Material provided: Begin

(* Let $X_1,\dots,X_n$ be independent standard normal random variables and $a_1,\dots,a_n\in\mathbb{R}$, and $p\ge1$ an integer. Then $$\mathbb{E}\Big(\sum_{i=1}^n a_iX_i^2\Big)^p=\frac{p!}{2^p}\sum_{\lambda\vdash p}\Big(\prod_{k\in\lambda}\binom{2k}{k}\Big)m_\lambda(a_1,\dots,a_n),$$ where the sum is over all integer partitions $\lambda$ of $p$ and the product is over the parts $k$ of $\lambda$ (with multiplicity).
   Context: For a partition $\lambda$, $m_\lambda(a_1,\dots,a_n)$ is the monomial symmetric polynomial: the sum of all distinct monomials $a_{1}^{k_1}\cdots a_n^{k_n}$ whose multiset of nonzero exponents equals the multiset of parts of $\lambda$ (it is $0$ if $\lambda$ has more than $n$ parts). *)

theory Defs
  imports "HOL-Probability.Probability" "HOL-Library.Multiset"
begin

definition int_partitions :: "nat \<Rightarrow> nat multiset set" where
  "int_partitions p = {lam. (\<forall>k\<in>#lam. 0 < k) \<and> sum_mset lam = p}"

definition monomial_sym :: "nat \<Rightarrow> (nat \<Rightarrow> real) \<Rightarrow> nat multiset \<Rightarrow> real" where
  "monomial_sym n a lam =
     (\<Sum>e\<in>{e :: nat \<Rightarrow> nat. (\<forall>i. n \<le> i \<longrightarrow> e i = 0) \<and>
            filter_mset (\<lambda>x. x \<noteq> 0) (image_mset e (mset_set {..<n})) = lam}.
        \<Prod>i<n. a i ^ e i)"

end
(* Let $\Lambda$ be a positive random variable, let $N(t)$, $t\ge0$, be a standard Poisson process (unit intensity) independent of $\Lambda$, let $(m_n)$ be positive numbers with $m_n\to\infty$, and set $N_n=N(m_n\Lambda)$. Let $X_1,X_2,\ldots$ be i.i.d. random variables with $a=\mathsf{E}X_1\neq0$ and finite variance $\sigma^2=\mathsf{D}X_1$, with each $N_n$ independent of $X_1,X_2,\ldots$ (empty sums are $0$). Let $1\le s\le2$ and write $s=m+\alpha$ with $m$ a nonnegative integer and $0<\alpha\le1$. Then for every $n$ $$ \zeta_s\bigg(\frac{1}{am_n}\sum_{j=1}^{N(m_n\Lambda)}X_j,\;\Lambda\bigg)\le\frac{\mathsf{E}\Lambda^{s/2}}{m_n^{s/2}}\cdot\frac{\Gamma(1+\alpha)}{\Gamma(1+s)}\Big(1+\frac{\sigma^2}{a^2}\Big)^{s/2}. $$ In particular, $$ \zeta_2\bigg(\frac{1}{am_n}\sum_{j=1}^{N(m_n\Lambda)}X_j,\;\Lambda\bigg)\le\frac{\mathsf{E}\Lambda}{2m_n}\Big(1+\frac{\sigma^2}{a^2}\Big). $$
   Context: For $s>0$ write uniquely $s=m+\alpha$ with $m$ a nonnegative integer and $0<\alpha\le 1$. $\mathcal{F}_s$ denotes the set of all real-valued bounded functions $f$ on $\mathbb{R}$ that are $m$ times differentiable and satisfy $|f^{(m)}(x)-f^{(m)}(y)|\le|x-y|^{\alpha}$ for all $x,y$. The Zolotarev metric is $\zeta_s(X,Y)=\sup\{|\mathsf{E}(f(X)-f(Y))|: f\in\mathcal{F}_s\}$. *)

theory Defs
  imports "HOL-Probability.Probability"
begin

text \<open>Decomposition s = m + alpha with m a nonnegative integer and 0 < alpha \<le> 1 (for s > 0).\<close>
definition zol_m :: "real \<Rightarrow> nat" where
  "zol_m s = nat (\<lceil>s\<rceil> - 1)"

definition zol_alpha :: "real \<Rightarrow> real" where
  "zol_alpha s = s - real (zol_m s)"

definition zol_class :: "real \<Rightarrow> (real \<Rightarrow> real) set" where
  "zol_class s = {f. bounded (range f)
      \<and> (\<forall>k < zol_m s. \<forall>x. ((deriv ^^ k) f) differentiable (at x))
      \<and> (\<forall>x y. \<bar>(deriv ^^ zol_m s) f x - (deriv ^^ zol_m s) f y\<bar> \<le> \<bar>x - y\<bar> powr zol_alpha s)}"

definition zolotarev :: "'a measure \<Rightarrow> real \<Rightarrow> ('a \<Rightarrow> real) \<Rightarrow> ('a \<Rightarrow> real) \<Rightarrow> ennreal" where
  "zolotarev M s X Y =
     (SUP f \<in> zol_class s. ennreal \<bar>(\<integral>\<omega>. f (X \<omega>) \<partial>M) - (\<integral>\<omega>. f (Y \<omega>) \<partial>M)\<bar>)"

definition std_poisson_process :: "'a measure \<Rightarrow> (real \<Rightarrow> 'a \<Rightarrow> nat) \<Rightarrow> bool" where
  "std_poisson_process M N \<longleftrightarrow>
     (\<forall>t. N t \<in> measurable M (count_space UNIV))
   \<and> (\<forall>\<omega>\<in>space M. N 0 \<omega> = 0)
   \<and> (\<forall>\<omega>\<in>space M. mono_on {0..} (\<lambda>t. N t \<omega>))
   \<and> (\<forall>\<omega>\<in>space M. \<forall>t\<ge>0. continuous (at_right t) (\<lambda>u. real (N u \<omega>)))
   \<and> (\<forall>(t::nat \<Rightarrow> real) k. 0 \<le> t 0 \<longrightarrow> strict_mono_on {..k} t \<longrightarrow>
        prob_space.indep_vars M (\<lambda>_. count_space UNIV)
          (\<lambda>i \<omega>. N (t (Suc i)) \<omega> - N (t i) \<omega>) {..<k})
   \<and> (\<forall>u t (j::nat). 0 \<le> u \<longrightarrow> u \<le> t \<longrightarrow>
        measure M {\<omega> \<in> space M. N t \<omega> - N u \<omega> = j} = exp (-(t - u)) * (t - u) ^ j / fact j)"

text \<open>Independence of two random elements with possibly different codomain types:
  their generated sigma-algebras are independent (and both are measurable).\<close>
definition indep_rv :: "'a measure \<Rightarrow> 'b measure \<Rightarrow> ('a \<Rightarrow> 'b) \<Rightarrow> 'c measure \<Rightarrow> ('a \<Rightarrow> 'c) \<Rightarrow> bool" where
  "indep_rv M M1 X1 M2 X2 \<longleftrightarrow>
     X1 \<in> measurable M M1 \<and> X2 \<in> measurable M M2 \<and>
     prob_space.indep_set M {X1 -` A \<inter> space M | A. A \<in> sets M1}
                            {X2 -` B \<inter> space M | B. B \<in> sets M2}"

end

theory Submission
  imports Defs
begin

text \<open>
  Given \<open>\<Lambda> = \<lambda>\<close>, the number of summands \<open>N(m\<lambda>)\<close> is Poisson with mean \<open>m\<lambda>\<close>, so
  \<open>E f(S) = E L(\<Lambda>)\<close> with \<open>L(\<lambda>) = \<Sum>\<^sub>k P(Poisson(m\<lambda>) = k) E f(S\<^sub>k / (a m))\<close>.
  The Poisson mixture of the \<open>S\<^sub>k / (a m)\<close> has mean \<open>\<lambda>\<close> and second moment about \<open>\<lambda>\<close> equal to
  \<open>A = \<lambda> (1 + \<sigma>\<^sup>2/a\<^sup>2) / m\<close>. A function of \<open>\<F>\<^sub>s\<close>, \<open>1 \<le> s \<le> 2\<close>, has Taylor remainder
  \<open>|f x - f \<lambda> - f' \<lambda> (x - \<lambda>)| \<le> \<Gamma>(1+\<alpha>)/\<Gamma>(1+s) |x - \<lambda>|\<^sup>s\<close>, and \<open>|x - \<lambda>|\<^sup>s = ((x - \<lambda>)\<^sup>2)\<^bsup>s/2\<^esup>\<close>
  lies below the tangent of the concave map \<open>t \<mapsto> t\<^bsup>s/2\<^esup>\<close> at \<open>A\<close>. Averaging gives
  \<open>|L(\<lambda>) - f(\<lambda>)| \<le> \<Gamma>(1+\<alpha>)/\<Gamma>(1+s) A\<^bsup>s/2\<^esup>\<close>, which is then integrated against the law of \<open>\<Lambda>\<close>.
  The identity \<open>P(N(m\<Lambda>) = k) = E[e\<^sup>-\<^sup>m\<^sup>\<Lambda> (m\<Lambda>)\<^sup>k / k!]\<close> is obtained by approximating \<open>m\<Lambda>\<close>
  from above by random times with countably many values and using right-continuity of the paths.
\<close>

section \<open>A Taylor estimate for Hoelder continuous derivatives\<close>

lemma abs_diff_le_of_deriv_dominated:
  fixes g \<psi> g' \<psi>' :: "real \<Rightarrow> real"
  assumes "a \<le> b" and "continuous_on {a..b} g" and "continuous_on {a..b} \<psi>"
    and "\<And>z. a < z \<Longrightarrow> z < b \<Longrightarrow> (g has_real_derivative g' z) (at z)"
    and "\<And>z. a < z \<Longrightarrow> z < b \<Longrightarrow> (\<psi> has_real_derivative \<psi>' z) (at z)"
    and "\<And>z. a < z \<Longrightarrow> z < b \<Longrightarrow> \<bar>g' z\<bar> \<le> \<psi>' z"
  shows "\<bar>g b - g a\<bar> \<le> \<psi> b - \<psi> a"
proof -
  have "(\<lambda>z. \<psi> z - g z) a \<le> (\<lambda>z. \<psi> z - g z) b"
  proof (rule DERIV_nonneg_imp_increasing_open[OF \<open>a \<le> b\<close>])
    fix z assume "a < z" "z < b"
    then show "\<exists>d. ((\<lambda>z. \<psi> z - g z) has_real_derivative d) (at z) \<and> 0 \<le> d"
      using assms(4,5) assms(6)[of z]
      by (intro exI[of _ "\<psi>' z - g' z"]) (auto intro!: derivative_eq_intros simp: abs_le_iff)
  qed (use assms(2,3) in \<open>intro continuous_on_diff\<close>)
  moreover have "(\<lambda>z. \<psi> z + g z) a \<le> (\<lambda>z. \<psi> z + g z) b"
  proof (rule DERIV_nonneg_imp_increasing_open[OF \<open>a \<le> b\<close>])
    fix z assume "a < z" "z < b"
    then show "\<exists>d. ((\<lambda>z. \<psi> z + g z) has_real_derivative d) (at z) \<and> 0 \<le> d"
      using assms(4,5) assms(6)[of z]
      by (intro exI[of _ "\<psi>' z + g' z"]) (auto intro!: derivative_eq_intros simp: abs_le_iff)
  qed (use assms(2,3) in \<open>intro continuous_on_add\<close>)
  ultimately show ?thesis by simp
qed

Material provided: End

» Task details
For this exercise, copy word for word the line that contains "b \<Longrightarrow> (\<psi>" and every line after it, ending with the last line of the entries above.

» The completed task
    and "\<And>z. a < z \<Longrightarrow> z < b \<Longrightarrow> (\<psi> has_real_derivative \<psi>' z) (at z)"
    and "\<And>z. a < z \<Longrightarrow> z < b \<Longrightarrow> \<bar>g' z\<bar> \<le> \<psi>' z"
  shows "\<bar>g b - g a\<bar> \<le> \<psi> b - \<psi> a"
proof -
  have "(\<lambda>z. \<psi> z - g z) a \<le> (\<lambda>z. \<psi> z - g z) b"
  proof (rule DERIV_nonneg_imp_increasing_open[OF \<open>a \<le> b\<close>])
    fix z assume "a < z" "z < b"
    then show "\<exists>d. ((\<lambda>z. \<psi> z - g z) has_real_derivative d) (at z) \<and> 0 \<le> d"
      using assms(4,5) assms(6)[of z]
      by (intro exI[of _ "\<psi>' z - g' z"]) (auto intro!: derivative_eq_intros simp: abs_le_iff)
  qed (use assms(2,3) in \<open>intro continuous_on_diff\<close>)
  moreover have "(\<lambda>z. \<psi> z + g z) a \<le> (\<lambda>z. \<psi> z + g z) b"
  proof (rule DERIV_nonneg_imp_increasing_open[OF \<open>a \<le> b\<close>])
    fix z assume "a < z" "z < b"
    then show "\<exists>d. ((\<lambda>z. \<psi> z + g z) has_real_derivative d) (at z) \<and> 0 \<le> d"
      using assms(4,5) assms(6)[of z]
      by (intro exI[of _ "\<psi>' z + g' z"]) (auto intro!: derivative_eq_intros simp: abs_le_iff)
  qed (use assms(2,3) in \<open>intro continuous_on_add\<close>)
  ultimately show ?thesis by simp
qed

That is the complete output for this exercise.